The Treasury May Hurt BTC

Alex Lennard – investment director at global asset manager Ruffer – explained in an interview:

Our concern is that if liquidity starts leaving the system, for whatever reason, this creates an environment where markets are crash prone.

This was seconded by Mike Wilson, an equity strategist at Morgan Stanley. He claimed that while the Treasury is more than likely trying to refill “empty coffers,” the market may lose a heavy amount of liquidity should it move forward with its present plan, and thus a major correction could be heading our way.

There is also concern that the Fed could potentially seek to hike rates further in the coming weeks given inflation has not died down over the past few months the way financial analysts had initially hoped for. Yuga Hasegawa – crypto market analyst at Bit Bank in Tokyo – mentioned:

The debt ceiling issue could soon be a thing of the past, but the future trajectory of the Fed funds rate will continue to weigh on the market sentiment, and bitcoin’s weekend rally could be hindered depending on the series of economic data slated for this week, such as ISM’s manufacturing PMI and May’s jobs report.

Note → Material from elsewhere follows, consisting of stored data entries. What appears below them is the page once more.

text \<open>
  Let \<open>f\<close> be in the class and \<open>|z| = r < 1\<close>. Since \<open>|a_n| \<le> n\<close>, the series for \<open>f' - 1\<close>
  and \<open>z f''\<close> are dominated termwise by \<open>B(r) = \<Sum>_{n\<ge>3} n^2 r^(n-1)\<close> and
  \<open>A(r) = \<Sum>_{n\<ge>3} n^2 (n-1) r^(n-1)\<close>, so \<open>|z f''(z) / f'(z)| \<le> A(r) / (1 - B(r))\<close> whenever
  \<open>B(r) < 1\<close>. This is at most \<open>1 - \<alpha>\<close> iff \<open>A(r) + (1 - \<alpha>) B(r) \<le> 1 - \<alpha>\<close>; multiplied by
  \<open>(1 - r)^4\<close>, the closed forms of \<open>A\<close> and \<open>B\<close> turn this into the polynomial inequality
  defining \<open>r0\<close>, and since \<open>A + (1 - \<alpha>) B\<close> is strictly increasing, \<open>r0\<close> is the exact threshold.
  The function \<open>f0(z) = z - \<Sum>_{n\<ge>3} n z^n\<close> has \<open>f0'(r) = 1 - B(r)\<close> and \<open>r f0''(r) = -A(r)\<close>,
  so it attains the bound on the positive axis and shows that \<open>r0\<close> cannot be enlarged.
  Finally \<open>Re (1 + w) \<ge> 1 - |w|\<close> turns \<open>|w| < 1 - \<alpha>\<close> into convexity of order \<open>\<alpha>\<close> and,
  for \<open>\<alpha> = 1/2\<close>, into uniform convexity.
\<close>

section \<open>Power series\<close>

lemma pochhammer_power_series_sums:
  fixes s :: "'a :: {real_normed_field, banach}"
  assumes "norm s < 1"
  shows "(\<lambda>n. pochhammer (of_nat n + 1) k * s ^ n) sums (fact k / (1 - s) ^ Suc k)"
  using assms
proof (induction k arbitrary: s)
  case 0
  then show ?case using geometric_sums[of s] by simp
next
  case (Suc k)
  have sums_diffs: "(\<lambda>n. diffs (\<lambda>n. pochhammer (of_nat n + 1) k) n * s ^ n)
      sums (fact (Suc k) / (1 - s) ^ Suc (Suc k))"
  proof (rule termdiffs_sums_strong[where K = 1])
    have "((\<lambda>z. inverse (1 - z)) has_field_derivative inverse (1 - s) ^ 2) (at s)"
      using Suc.prems by (auto intro!: derivative_eq_intros simp: power2_eq_square)
    from DERIV_cmult[OF DERIV_power[OF this, of "Suc k"], of "fact k"]
    have "((\<lambda>z. fact k * inverse (1 - z) ^ Suc k) has_field_derivative
        fact (Suc k) * inverse (1 - s) ^ Suc (Suc k)) (at s)"
      by (simp add: algebra_simps power2_eq_square)
    then show "((\<lambda>z. fact k / (1 - z) ^ Suc k) has_field_derivative
        fact (Suc k) / (1 - s) ^ Suc (Suc k)) (at s)"
      by (simp only: divide_inverse power_inverse)
  qed (use Suc in auto)
  have "diffs (\<lambda>n. pochhammer (of_nat n + 1 :: 'a) k)
      = (\<lambda>n. pochhammer (of_nat n + 1) (Suc k))"
    by (simp add: fun_eq_iff diffs_def pochhammer_rec add_ac)
  with sums_diffs show ?case by simp
qed

lemma sums_less:
  fixes f g :: "nat \<Rightarrow> real"
  assumes "f sums S" "g sums T" "\<And>n. f n < g n"
  shows "S < T"
proof -
  have "(\<lambda>n. g n - f n) sums (T - S)"
    using assms by (intro sums_diff)
  moreover have "0 < (\<Sum>n. g n - f n)"
    using assms(3) by (intro suminf_pos sums_summable[OF calculation]) auto
  ultimately show ?thesis
    using sums_unique by fastforce
qed

lemma powser_deriv_sums:
  fixes a :: "nat \<Rightarrow> 'a :: {real_normed_field, banach}"
  assumes sums: "\<And>w. norm w < R \<Longrightarrow> (\<lambda>n. a n * w ^ n) sums f w" and z: "norm z < R"
  shows "(\<lambda>n. diffs a n * z ^ n) sums deriv f z"
proof -
  have "((\<lambda>w. \<Sum>n. a n * w ^ n) has_field_derivative (\<Sum>n. diffs a n * z ^ n)) (at z)"
    using sums z by (intro termdiffs_strong') (auto simp: sums_iff)
  then have "(f has_field_derivative (\<Sum>n. diffs a n * z ^ n)) (at z)"
    by (rule has_field_derivative_transform_within_open [where S = "ball 0 R"])
       (use z sums in \<open>auto simp: sums_iff\<close>)
  then have "deriv f z = (\<Sum>n. diffs a n * z ^ n)"
    by (rule DERIV_imp_deriv)
  moreover have "summable (\<lambda>n. diffs a n * z ^ n)"
    by (rule termdiff_converges[OF z]) (use sums in \<open>auto simp: sums_iff\<close>)
  ultimately show ?thesis
    by (simp add: sums_iff)
qed

text \<open>The majorants \<open>B\<close> and \<open>A\<close> above, in closed form.\<close>

definition deriv_majorant :: "real \<Rightarrow> real" where
  "deriv_majorant s = (1 + s) / (1 - s) ^ 3 - 1 - 4 * s"

definition deriv2_majorant :: "real \<Rightarrow> real" where
  "deriv2_majorant s = 2 * s * (2 + s) / (1 - s) ^ 4 - 4 * s"

lemma deriv_majorant_sums:
  fixes s :: real
  assumes "\<bar>s\<bar> < 1"
  shows "(\<lambda>n. (real n + 3)\<^sup>2 * s ^ (n + 2)) sums deriv_majorant s"
proof -
  have "(\<lambda>n. pochhammer (real n + 1) 2 * s ^ n - pochhammer (real n + 1) 1 * s ^ n)
      sums (fact 2 / (1 - s) ^ Suc 2 - fact 1 / (1 - s) ^ Suc 1)"
    using assms by (intro sums_diff pochhammer_power_series_sums) auto
  moreover have "pochhammer (real n + 1) 2 - pochhammer (real n + 1) 1 = (real n + 1)\<^sup>2" for n
    by (simp add: pochhammer_rec' eval_nat_numeral algebra_simps)
  moreover have "fact 2 / (1 - s) ^ Suc 2 - fact 1 / (1 - s) ^ Suc 1 = (1 + s) / (1 - s) ^ 3"
    using assms by (simp add: divide_simps) (simp add: algebra_simps eval_nat_numeral)
  ultimately have "(\<lambda>n. (real n + 1)\<^sup>2 * s ^ n) sums ((1 + s) / (1 - s) ^ 3)"
    by (simp add: left_diff_distrib [symmetric])
  from sums_split_initial_segment [OF this, of 2] show ?thesis
    by (simp add: deriv_majorant_def eval_nat_numeral algebra_simps)
qed

lemma deriv2_majorant_sums:
  fixes s :: real
  assumes "\<bar>s\<bar> < 1"
  shows "(\<lambda>n. (real n + 2) * (real n + 3)\<^sup>2 * s ^ (n + 2)) sums deriv2_majorant s"
proof -
  have "(\<lambda>n. pochhammer (real n + 1) 3 * s ^ n - 4 * (pochhammer (real n + 1) 2 * s ^ n)
        + 2 * (pochhammer (real n + 1) 1 * s ^ n))
      sums (fact 3 / (1 - s) ^ Suc 3 - 4 * (fact 2 / (1 - s) ^ Suc 2)
            + 2 * (fact 1 / (1 - s) ^ Suc 1))"
    using assms by (intro sums_add sums_diff sums_mult pochhammer_power_series_sums) auto
  moreover have "pochhammer (real n + 1) 3 * s ^ n - 4 * (pochhammer (real n + 1) 2 * s ^ n)
        + 2 * (pochhammer (real n + 1) 1 * s ^ n) = real n * (real n + 1)\<^sup>2 * s ^ n" for n
    by (simp add: pochhammer_rec' eval_nat_numeral algebra_simps)
  moreover have "fact 3 / (1 - s) ^ Suc 3 - 4 * (fact 2 / (1 - s) ^ Suc 2)
      + 2 * (fact 1 / (1 - s) ^ Suc 1) = 2 * s * (2 + s) / (1 - s) ^ 4"
    using assms by (simp add: divide_simps) (simp add: algebra_simps eval_nat_numeral)
  ultimately have "(\<lambda>n. real n * (real n + 1)\<^sup>2 * s ^ n) sums (2 * s * (2 + s) / (1 - s) ^ 4)"
    by simp
  from sums_split_initial_segment [OF this, of 2] show ?thesis
    by (simp add: deriv2_majorant_def eval_nat_numeral algebra_simps)
qed

lemma deriv_majorant_strict_mono: "strict_mono_on {0..<1} deriv_majorant"
proof (rule strict_mono_onI)
  fix s t :: real
  assume "s \<in> {0..<1}" "t \<in> {0..<1}" "s < t"
  then show "deriv_majorant s < deriv_majorant t"
    by (intro sums_less[OF deriv_majorant_sums deriv_majorant_sums] mult_strict_left_mono
        power_strict_mono) auto
qed

lemma deriv2_majorant_strict_mono: "strict_mono_on {0..<1} deriv2_majorant"
proof (rule strict_mono_onI)
  fix s t :: real
  assume "s \<in> {0..<1}" "t \<in> {0..<1}" "s < t"
  then show "deriv2_majorant s < deriv2_majorant t"
    by (intro sums_less[OF deriv2_majorant_sums deriv2_majorant_sums] mult_strict_left_mono
        power_strict_mono) auto
qed

lemma deriv2_majorant_pos: "0 < s \<Longrightarrow> s < 1 \<Longrightarrow> 0 < deriv2_majorant s"
  using strict_mono_on_less[OF deriv2_majorant_strict_mono, of 0 s] by (simp add: deriv2_majorant_def)

section \<open>Estimates for the class\<close>

lemma normalized_powser_derivs_sums:
  fixes a :: "nat \<Rightarrow> complex"
  assumes a1: "a 1 = 1" and a2: "a 2 = 0"
    and sums: "\<forall>w\<in>ball 0 1. (\<lambda>n. a n * w ^ n) sums f w" and z: "norm z < 1"
  shows "(\<lambda>n. of_nat (n + 3) * a (n + 3) * z ^ (n + 2)) sums (deriv f z - 1)"
    and "(\<lambda>n. of_nat (n + 2) * of_nat (n + 3) * a (n + 3) * z ^ (n + 2))
           sums (z * deriv (deriv f) z)"
proof -
  have a1': "a (Suc 0) = 1" and a2': "a (Suc (Suc 0)) = 0"
    using a1 a2 by (simp_all add: numeral_2_eq_2)
  have deriv_sums: "(\<lambda>n. diffs a n * w ^ n) sums deriv f w" if "norm w < 1" for w
    using sums that by (intro powser_deriv_sums[where R = 1]) auto
  from sums_split_initial_segment[OF deriv_sums[OF z], of 2]
  show "(\<lambda>n. of_nat (n + 3) * a (n + 3) * z ^ (n + 2)) sums (deriv f z - 1)"
    by (simp add: diffs_def a1' a2' eval_nat_numeral)
  from sums_split_initial_segment[OF powser_deriv_sums[OF deriv_sums z], of 1]
  have "(\<lambda>n. of_nat (n + 2) * (of_nat (n + 3) * a (n + 3)) * z ^ (n + 1))
      sums deriv (deriv f) z"
    by (simp add: diffs_def a2' eval_nat_numeral)
  from sums_mult[OF this, of z]
  show "(\<lambda>n. of_nat (n + 2) * of_nat (n + 3) * a (n + 3) * z ^ (n + 2))
      sums (z * deriv (deriv f) z)"
    by (simp add: algebra_simps)
qed

lemma classF_deriv_bounds:
  assumes "f \<in> classF" and z: "norm z < 1"
  shows "norm (deriv f z - 1) \<le> deriv_majorant (norm z)"
    and "norm (z * deriv (deriv f) z) \<le> deriv2_majorant (norm z)"
proof -
  obtain a where a1: "a 1 = 1" and a2: "a 2 = 0" and a_le: "\<forall>n\<ge>3. norm (a n) \<le> real n"
    and sums: "\<forall>w\<in>ball 0 1. (\<lambda>n. a n * w ^ n) sums f w"
    using assms(1) unfolding classF_def by blast
  have coeff_le: "norm (a (n + 3)) \<le> real n + 3" for n
    using a_le[rule_format, of "n + 3"] by simp
  note derivs_sums = normalized_powser_derivs_sums[OF a1 a2 sums z]
  show "norm (deriv f z - 1) \<le> deriv_majorant (norm z)"
  proof (rule norm_sums_le[OF derivs_sums(1) deriv_majorant_sums])
    fix n
    have "norm (of_nat (n + 3) * a (n + 3) * z ^ (n + 2))
        = (real n + 3) * norm (a (n + 3)) * norm z ^ (n + 2)"
      by (simp only: norm_mult norm_power norm_of_nat) simp
    also have "\<dots> \<le> (real n + 3) * (real n + 3) * norm z ^ (n + 2)"
      by (intro mult_right_mono mult_left_mono coeff_le) auto
    finally show "norm (of_nat (n + 3) * a (n + 3) * z ^ (n + 2))
        \<le> (real n + 3)\<^sup>2 * norm z ^ (n + 2)"
      by (simp add: power2_eq_square)
  qed (use z in simp)
  show "norm (z * deriv (deriv f) z) \<le> deriv2_majorant (norm z)"
  proof (rule norm_sums_le[OF derivs_sums(2) deriv2_majorant_sums])
    fix n
    have "norm (of_nat (n + 2) * of_nat (n + 3) * a (n + 3) * z ^ (n + 2))
        = (real n + 2) * (real n + 3) * norm (a (n + 3)) * norm z ^ (n + 2)"
      by (simp only: norm_mult norm_power norm_of_nat) simp
    also have "\<dots> \<le> (real n + 2) * (real n + 3) * (real n + 3) * norm z ^ (n + 2)"
      by (intro mult_right_mono mult_left_mono coeff_le) auto
    finally show "norm (of_nat (n + 2) * of_nat (n + 3) * a (n + 3) * z ^ (n + 2))
        \<le> (real n + 2) * (real n + 3)\<^sup>2 * norm z ^ (n + 2)"
      by (simp add: power2_eq_square mult.assoc)
  qed (use z in simp)
qed

lemma norm_divide_le_near_1:
  fixes d q :: "'a :: real_normed_field"
  assumes "norm (d - 1) \<le> b" "b < 1" "norm q \<le> a"
  shows "d \<noteq> 0" and "norm (q / d) \<le> a / (1 - b)"
proof -
  have d_ge: "1 - b \<le> norm d"
    using assms(1) norm_triangle_ineq2[of 1 d] by (simp add: norm_minus_commute)
  then show "d \<noteq> 0"
    using assms(2) by auto
  show "norm (q / d) \<le> a / (1 - b)"
    unfolding norm_divide using assms d_ge order_trans[OF norm_ge_zero assms(3)]
    by (intro frac_le) auto
qed

lemma classF_convexity_quotient_le:
  assumes "f \<in> classF" "norm z < 1" "deriv_majorant (norm z) < 1"
  shows "deriv f z \<noteq> 0"
    and "norm (z * deriv (deriv f) z / deriv f z)
           \<le> deriv2_majorant (norm z) / (1 - deriv_majorant (norm z))"
  using norm_divide_le_near_1[OF classF_deriv_bounds(1)[OF assms(1,2)] assms(3)
      classF_deriv_bounds(2)[OF assms(1,2)]] by auto

section \<open>The extremal function\<close>

definition extremal_coeff :: "nat \<Rightarrow> complex" where
  "extremal_coeff n = (if n = 1 then 1 else if n = 2 then 0 else - of_nat n)"

definition extremal_fun :: "complex \<Rightarrow> complex" where
  "extremal_fun z = (\<Sum>n. extremal_coeff n * z ^ n)"

lemma extremal_fun_sums:
  assumes "norm z < 1"
  shows "(\<lambda>n. extremal_coeff n * z ^ n) sums extremal_fun z"
proof -
  have "summable (\<lambda>n. real (Suc n) * norm z ^ n)"
    using geometric_deriv_sums[of "norm z"] assms by (auto dest: sums_summable)
  then have "summable (\<lambda>n. extremal_coeff n * z ^ n)"
    by (rule summable_comparison_test')
       (auto simp: extremal_coeff_def norm_mult norm_power intro!: mult_right_mono)
  then show ?thesis
    by (simp add: extremal_fun_def summable_sums)
qed

lemma extremal_fun_in_classF: "extremal_fun \<in> classF"
  unfolding classF_def using extremal_fun_sums
  by (intro CollectI exI[of _ extremal_coeff]) (auto simp: extremal_coeff_def)

lemma extremal_fun_derivs:
  fixes t :: real
  assumes "\<bar>t\<bar> < 1"
  shows "deriv extremal_fun t = 1 - of_real (deriv_majorant t)"
    and "t * deriv (deriv extremal_fun) t = - of_real (deriv2_majorant t)"
proof -
  have sums: "\<forall>w\<in>ball 0 1. (\<lambda>n. extremal_coeff n * w ^ n) sums extremal_fun w"
    using extremal_fun_sums by simp
  note derivs_sums = normalized_powser_derivs_sums[of extremal_coeff, OF _ _ sums, of "of_real t"]
  have "(\<lambda>n. - of_real ((real n + 3)\<^sup>2 * t ^ (n + 2))) sums (deriv extremal_fun t - 1)"
  proof -
    have "of_nat (n + 3) * extremal_coeff (n + 3) * of_real t ^ (n + 2)
        = - of_real ((real n + 3)\<^sup>2 * t ^ (n + 2))" for n
      by (simp add: extremal_coeff_def power2_eq_square algebra_simps)
    with derivs_sums(1) assms show ?thesis
      by (simp add: extremal_coeff_def)
  qed
  moreover have "(\<lambda>n. - of_real ((real n + 3)\<^sup>2 * t ^ (n + 2)))
      sums (- of_real (deriv_majorant t) :: complex)"
    using assms by (intro sums_minus sums_of_real deriv_majorant_sums)
  ultimately have "deriv extremal_fun t - 1 = - of_real (deriv_majorant t)"
    by (rule sums_unique2)
  then show "deriv extremal_fun t = 1 - of_real (deriv_majorant t)"
    by (simp add: algebra_simps)
  have "(\<lambda>n. - of_real ((real n + 2) * (real n + 3)\<^sup>2 * t ^ (n + 2)))
      sums (of_real t * deriv (deriv extremal_fun) t)"
  proof -
    have "of_nat (n + 2) * of_nat (n + 3) * extremal_coeff (n + 3) * of_real t ^ (n + 2)
        = - of_real ((real n + 2) * (real n + 3)\<^sup>2 * t ^ (n + 2))" for n
      by (simp add: extremal_coeff_def power2_eq_square algebra_simps)
    with derivs_sums(2) assms show ?thesis
      by (simp add: extremal_coeff_def)
  qed
  moreover have "(\<lambda>n. - of_real ((real n + 2) * (real n + 3)\<^sup>2 * t ^ (n + 2)))
      sums (- of_real (deriv2_majorant t) :: complex)"
    using assms by (intro sums_minus sums_of_real deriv2_majorant_sums)
  ultimately show "t * deriv (deriv extremal_fun) t = - of_real (deriv2_majorant t)"
    by (rule sums_unique2)
qed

Still, there is some good news in that economists anticipate a whopping 180,000 jobs to be added to the market in the coming future. However, this doesn’t change the fact that unemployment is expected to move up to close to four percent, and that 180K figure is nothing compared to the 250,000 jobs that were added as recently as April. Hasegawa explained:

Economic data in the last month have indicated the resilience of the U.S. economy. Most of all, core indexes for CPI and PCE, as well as trimmed, mean PCE inflation rate for April did not show any significant improvements. The Fed Funds futures market now prices in [a] roughly 65% chance of another rate hike… and if the number keeps going up, it will likely be a headwind for bitcoin and other cryptocurrencies.

Could There Be Price Dips?

The Treasury and its department head Janet Yellen have made it clear that crypto and other assets are not their main priorities.

Thus, it would be a huge pity if they went ahead with the move anticipated above and it sucked further liquidity out of the market given how far tokens like bitcoin have come this year after enduring some of their most bearish conditions in 2022.